After the mortal wounding of General Hanson at Murfreesboro and the unexpected death of Col. Robert Paxton Trabue in Richmond, Kentucky Confederates learned that Gen. Ben Hardin Helm had been ordered to take command of the 1st Kentucky Brigade. He was accepted completely by the men, who had implicit faith in his soldiership and according to Ed Porter Thompson of the 6th Kentucky, "loved him like a brother." They nicknamed him "the gentle general" and loyally thought no other officer his equal. In this they were right.

On the morning of Sept. 20, 1863, General Helm approached the day's battle calmly, laughing and joking as he mounted his horse for the attack. Only the purest in heart and spirit can face the enemy's bullets with a smile. Leading his brave Kentuckians forward, the General waved his sword toward the LaFayette Road. A short time later he was shot from his horse by a sniper bullet.
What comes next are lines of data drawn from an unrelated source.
lemma parameter_bounds:
  assumes e: "0 < e" "e \<le> 1"
  shows "grid_size e \<ge> 2" "1 / real (grid_size e) \<le> e/4" "real (grid_size e) \<le> 4/e + 1"
    "0 < class_width e" "class_width e \<le> 1/4" "96 * (class_width e)^2 = (6/25) * e"
    "real (grid_size e) \<le> (1 + class_width e) ^ grid_steps e"
proof -
  have "4/e \<ge> 4" using e by (simp add: field_simps)
  then show n2: "grid_size e \<ge> 2" unfolding grid_size_def by linarith
  have "real (grid_size e) \<ge> 4/e" unfolding grid_size_def by linarith
  then show "1 / real (grid_size e) \<le> e/4" using e n2 by (simp add: field_simps)
  show "real (grid_size e) \<le> 4/e + 1" unfolding grid_size_def using e by (simp add: of_nat_nat)
  define th where "th = class_width e"
  show th0: "0 < class_width e" unfolding class_width_def using e by simp
  have "sqrt e \<le> 1" using e by simp
  then show th1: "class_width e \<le> 1/4" unfolding class_width_def by linarith
  show "96 * (class_width e)^2 = (6/25) * e"
    unfolding class_width_def using e by (simp add: power_divide)
  define T where "T = grid_steps e"
  have "ln (1 + th) \<ge> th - th^2"
    unfolding th_def using th0 th1 by (intro ln_one_plus_pos_lower_bound) auto
  moreover have "th^2 \<le> th/2" unfolding th_def using th0 th1 by (simp add: power2_eq_square)
  ultimately have ln_th: "ln (1 + th) \<ge> th/2" by simp
  have "real T \<ge> 2 * ln (real (grid_size e) + 1) / th"
    unfolding T_def grid_steps_def th_def by linarith
  then have "real T * (th/2) \<ge> ln (real (grid_size e) + 1)"
    using th0 unfolding th_def[symmetric] by (simp add: field_simps)
  moreover have "real T * ln (1 + th) \<ge> real T * (th/2)" using ln_th by (intro mult_left_mono) auto
  ultimately have "ln ((1 + th)^T) \<ge> ln (real (grid_size e) + 1)"
    using th0 unfolding th_def[symmetric] by (simp add: ln_realpow)
  then have "(1 + th)^T \<ge> real (grid_size e) + 1"
    using th0 unfolding th_def[symmetric] by (subst (asm) ln_le_cancel_iff) auto
  then show "real (grid_size e) \<le> (1 + class_width e) ^ grid_steps e" unfolding th_def T_def by simp
qed

lemma floor_rounding:
  fixes x rho :: real
  assumes "0 \<le> x" "0 < rho"
  shows "x - rho \<le> rho * real (nat \<lfloor>x / rho\<rfloor>)" "rho * real (nat \<lfloor>x / rho\<rfloor>) \<le> x"
proof -
  have "real (nat \<lfloor>x / rho\<rfloor>) = of_int \<lfloor>x / rho\<rfloor>" using assms by simp
  then have "x / rho - 1 \<le> real (nat \<lfloor>x / rho\<rfloor>)" "real (nat \<lfloor>x / rho\<rfloor>) \<le> x / rho"
    by linarith+
  then have "rho * (x / rho - 1) \<le> rho * real (nat \<lfloor>x / rho\<rfloor>)"
    "rho * real (nat \<lfloor>x / rho\<rfloor>) \<le> rho * (x / rho)"
    using assms by (intro mult_left_mono; simp)+
  then show "x - rho \<le> rho * real (nat \<lfloor>x / rho\<rfloor>)" "rho * real (nat \<lfloor>x / rho\<rfloor>) \<le> x"
    using assms by (simp_all add: algebra_simps)
qed

lemma price_error_from_revenue_error:
  fixes e q I P :: real
  assumes e: "0 < e" and q: "e/2 \<le> q" and err: "\<bar>I - q * P\<bar> \<le> (6/25) * e * q + e^2/8"
  shows "\<bar>I / q - P\<bar> \<le> e/2"
proof -
  have qpos: "0 < q" using e q by linarith
  have "e^2/8 = e/4 * (e/2)" by (simp add: power2_eq_square)
  also have "\<dots> \<le> e/4 * q" using q e by (intro mult_left_mono) auto
  then have "e^2/8 \<le> (e * q)/4" by (simp add: power2_eq_square)
  moreover have "0 \<le> e * q" using e qpos by simp
  ultimately have "(6/25) * (e * q) + e^2/8 \<le> (e * q)/2" by linarith
  then have "(6/25) * e * q + e^2/8 \<le> e/2 * q" by (simp add: algebra_simps)
  then have "\<bar>I - q * P\<bar> \<le> e/2 * q" using err by linarith
  moreover have "I / q - P = (I - q * P) / q" using qpos by (simp add: field_simps)
  ultimately show ?thesis using qpos by (simp add: abs_divide divide_le_eq)
qed

context unit_cdf
begin

lemma revenue_samples_concave_seq:
  assumes reg: "myerson_regular F" and n2: "n \<ge> 2"
  shows "concave_seq n (\<lambda>k. revenue_curve F (real k / real n))"
proof
  have npos: "real n > 0" using n2 by simp
  show "2 \<le> n" by (rule n2)
  fix i j k :: nat assume ijk: "i < j" "j < k" "k \<le> n"
  have "(real k / n - real j / n) * revenue_curve F (real i / n)
      + (real j / n - real i / n) * revenue_curve F (real k / n)
      \<le> (real k / n - real i / n) * revenue_curve F (real j / n)"
    using ijk npos reg unfolding myerson_regular_def
    by (intro concave_on_three_point) (auto simp: divide_le_eq_1 divide_strict_right_mono)
  then have "real n * ((real k / n - real j / n) * revenue_curve F (real i / n)
      + (real j / n - real i / n) * revenue_curve F (real k / n))
      \<le> real n * ((real k / n - real i / n) * revenue_curve F (real j / n))"
    using npos by (intro mult_left_mono) auto
  moreover have "real n * (real k / n - real j / n) = real (k - j)"
    "real n * (real j / n - real i / n) = real (j - i)"
    "real n * (real k / n - real i / n) = real (k - i)"
    using ijk npos by (auto simp: field_simps of_nat_diff)
  ultimately show "real (k - j) * revenue_curve F (real i / n)
      + real (j - i) * revenue_curve F (real k / n)
      \<le> real (k - i) * revenue_curve F (real j / n)"
    by (simp add: distrib_left mult.assoc[symmetric])
next
  fix k assume "k \<le> n"
  then have "real k / n \<in> {0..1}" using n2 by (auto simp: divide_le_eq_1)
  then show "0 \<le> revenue_curve F (real k / n) \<and> revenue_curve F (real k / n) \<le> real k / real n"
    using revenue_curve_bounds by blast
qed

definition accurate_code :: "real \<Rightarrow> (nat \<times> nat) set \<Rightarrow> bool" where
  "accurate_code e S \<longleftrightarrow> (\<forall>j \<in> {1..grid_size e}.
     e/2 \<le> real j / real (grid_size e) \<and> real j / real (grid_size e) \<le> 1 - e/2
     \<longrightarrow> \<bar>decoded_price e S j - price_at F (real j / real (grid_size e))\<bar> \<le> e/2)"

lemma decoded_price_ge:
  assumes acc: "accurate_code e S" and e: "0 < e"
    and j: "j \<in> {1..grid_size e}" and q: "real j / real (grid_size e) + e/2 \<le> 1"
  shows "price_at F (real j / real (grid_size e) + e/2) - e/2 \<le> decoded_price e S j"
proof (cases "real j / real (grid_size e) < e/2")
  case True
  then show ?thesis using price_at_bounds[OF q] e by (simp add: decoded_price_def)
next
  case False
  then have "\<bar>decoded_price e S j - price_at F (real j / real (grid_size e))\<bar> \<le> e/2"
    using acc j q unfolding accurate_code_def by simp
  moreover have "price_at F (real j / real (grid_size e) + e/2)
      \<le> price_at F (real j / real (grid_size e))"
    using q e by (intro price_at_antimono) auto
  ultimately show ?thesis by linarith
qed

lemma decoded_price_le:
  assumes acc: "accurate_code e S" and e: "0 < e"
    and j: "j \<in> {1..grid_size e}" and q: "0 < real j / real (grid_size e) - e/2"
  shows "decoded_price e S j \<le> price_at F (real j / real (grid_size e) - e/2) + e/2"
proof -
  have le1: "real j / real (grid_size e) \<le> 1" using j by (simp add: divide_le_eq_1)
  show ?thesis
  proof (cases "1 - e/2 < real j / real (grid_size e)")
    case True
    then show ?thesis using price_at_bounds[of "real j / real (grid_size e) - e/2"] le1 e q
      by (simp add: decoded_price_def)
  next
    case False
    then have "\<bar>decoded_price e S j - price_at F (real j / real (grid_size e))\<bar> \<le> e/2"
      using acc j q unfolding accurate_code_def by simp
    moreover have "price_at F (real j / real (grid_size e))
        \<le> price_at F (real j / real (grid_size e) - e/2)"
      using le1 e by (intro price_at_antimono) auto
    ultimately show ?thesis by linarith
  qed
qed

lemma levy_dist_decode_le:
  assumes e: "0 < e" "e \<le> 1" and acc: "accurate_code e S"
  shows "levy_dist F (decode e S) \<le> e"
  unfolding decode_def
proof (rule levy_dist_le)
  have n: "1 \<le> grid_size e" "1 / real (grid_size e) \<le> e/4" using parameter_bounds[OF e] by auto
  show "empirical_cdf (grid_size e) (decoded_price e S) v \<le> F (v + e) + e" for v
    using decoded_price_ge[OF acc e(1)] by (rule empirical_cdf_le_shift[OF n(1) e(1) n(2)])
  show "F (v - e) - e \<le> empirical_cdf (grid_size e) (decoded_price e S) v" for v
    using decoded_price_le[OF acc e(1)] by (rule empirical_cdf_ge_shift[OF n(1) e(1) n(2)])
qed (use e in simp)

lemma accurate_codeI:
  assumes e: "0 < e" and K: "finite K" "0 \<in> K" "grid_size e \<in> K" and knots_S: "fst ` S = K"
    and values_S: "\<And>k. k \<in> K \<Longrightarrow> code_values e S k = w k"
    and interp_close: "\<And>j. j \<le> grid_size e \<Longrightarrow>
        \<bar>interp K w j - revenue_curve F (real j / real (grid_size e))\<bar>
        \<le> (6/25) * e * (real j / real (grid_size e)) + e^2/8"
  shows "accurate_code e S"
  unfolding accurate_code_def
proof (intro ballI impI)
  fix j assume j: "j \<in> {1..grid_size e}"
  assume "e/2 \<le> real j / real (grid_size e) \<and> real j / real (grid_size e) \<le> 1 - e/2"
  then have q: "e/2 \<le> real j / real (grid_size e)" "real j / real (grid_size e) \<le> 1 - e/2" by auto
  have "decoded_price e S j = interp K w j / (real j / real (grid_size e))"
    using q interp_cong[OF K, of j "code_values e S" w] j values_S
    unfolding decoded_price_def Let_def knots_S by auto
  then show "\<bar>decoded_price e S j - price_at F (real j / real (grid_size e))\<bar> \<le> e/2"
    using price_error_from_revenue_error[OF e q(1)] interp_close[of j] j
    unfolding revenue_curve_def by simp
qed

lemma exists_short_code:
  assumes reg: "myerson_regular F" and e: "0 < e" "e \<le> 1"
  shows "\<exists>S. S \<subseteq> {..grid_size e} \<times> {..max_level e} \<and> S \<noteq> {}
     \<and> real (card S) \<le> 6 + 2 * real (grid_steps e) + ln (real (grid_size e) + 2) / class_width e
     \<and> levy_dist F (decode e S) \<le> e"
proof -
  define n where "n = grid_size e"
  define th where "th = class_width e"
  define rho where "rho = rounding_unit e"
  define r where "r k = revenue_curve F (real k / real n)" for k
  note params = parameter_bounds[OF e, folded n_def th_def]
  have rho: "rho > 0" unfolding rho_def rounding_unit_def using e by simp
  interpret concave_seq n r
    unfolding r_def by (rule revenue_samples_concave_seq[OF reg]) (use params in simp)
  interpret concave_seq_knots n r th "grid_steps e"
    by unfold_locales (use params in auto)
  define c where "c k = nat \<lfloor>r k / rho\<rfloor>" for k
  define w where "w k = rho * real (c k)" for k
  have w: "r k - rho \<le> w k \<and> w k \<le> r k" if "k \<le> n" for k
    using floor_rounding[of "r k" rho] bounds[OF that] rho unfolding w_def c_def by auto
  define S where "S = (\<lambda>k. (k, c k)) ` knots"
  have knots_S: "fst ` S = knots" unfolding S_def by force
  have values_S: "code_values e S k = w k" if "k \<in> knots" for k
    using code_values_graph[OF that] unfolding S_def w_def rho_def .
  have "S \<subseteq> {..n} \<times> {..max_level e}"
  proof
    fix x assume "x \<in> S"
    then obtain k where k: "k \<in> knots" "x = (k, c k)" unfolding S_def by auto
    have kn: "k \<le> n" using k knots_subset by auto
    then have "r k / rho \<le> 8 / e^2"
      using r_le_1[OF kn] rho e unfolding rho_def rounding_unit_def by (simp add: field_simps)
    then have "c k \<le> max_level e" unfolding c_def max_level_def by (intro nat_mono) linarith
    then show "x \<in> {..n} \<times> {..max_level e}" using k kn by auto
  qed
  moreover have "S \<noteq> {}" unfolding S_def using zero_in_knots by auto
  moreover have "real (card S) \<le> real (card knots)"
    unfolding S_def by (intro of_nat_mono card_image_le finite_knots)
  moreover have "accurate_code e S"
  proof (rule accurate_codeI[OF e(1) finite_knots zero_in_knots _ knots_S values_S],
      fold n_def, rule n_in_knots)
    fix j assume "j \<le> n"
    then show "\<bar>interp knots w j - revenue_curve F (real j / real n)\<bar>
        \<le> (6/25) * e * (real j / real n) + e^2/8"
      using interp_error[of rho w j] w rho params unfolding r_def rho_def rounding_unit_def by auto
  qed
  then have "levy_dist F (decode e S) \<le> e" by (rule levy_dist_decode_le[OF e])
  ultimately show ?thesis
    using card_knots_le unfolding n_def th_def by (intro exI[of _ S]) auto
qed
The doctors gave him immediate attention but after examining the wound and realizing that the bullet had passed through his liver, they were gravely silent.

Gen. Helm asked quietly, "Is there hope?" and reluctantly came the reply, "My dear General, there is no hope."

As the battle of Chickamauga raged on and his gallant Kentuckians continued to pour out their blood on Georgia's blood-red soil, General Helm lay suffering and silent, preparing himself for death. That evening, as the firing ceased and shouts were heard in the distance he roused himself to ask the outcome of the fight. Upon being told that the day belonged to the Confederates, his eyes glowed with satisfaction for just a moment and he whispered the single word, "Victory!" He lived but another hour or two, dying with the satisfaction that his men had fought bravely and that their efforts had been rewarded by victory.

He could not know (and we are grateful that he did not), the enormous price paid by the Kentucky brigade for that victory and the irreplaceable men, like himself, who were lost to the Cause forever on the banks of the "River of Death".

Mrs. Helm, who was visiting in Selma, Alabama, barely arrived in Atlanta in time for her husband's funeral which was held in St. Paul's Episcopal Church. She remained a week longer as a guest of Col. Dabney, in whose home the General's body had been prepared for burial.

Then she set about the task of raising her children as her husband would have expected of her.

She never remarried but wore mourning for "the love of her life' as long as she lived.....another 67 years.

General Breckinridge wrote Mrs. Helm after her husband's death and said "He loved them and they loved him", speaking of the soldiers of the Orphan Brigade.

General Helm's memory was preserved by his men as well as his widow. In 1884, members of the Kentucky Brigade, now known as "the Orphan Brigade" traveled to Atlanta to oversee the disinterment of the General's remains. He was reburied in Elizabethtown Kentucky in his family's cemetery near the father whose heart had broken at this death. Confederate Veterans served as his pallbearers, who were selected by General Joe H. Lewis.

The cache container is not really a micro, let just say that it is a macro. It is a round water sample bottle approximately 5-6"x1/2-3/4" round. The cache is well hidden.

Hope you enjoy this cache as much as I enjoyed researching and hiding it.

Be Safe. Good Caching. Hope To Meet You On The Trail Someday.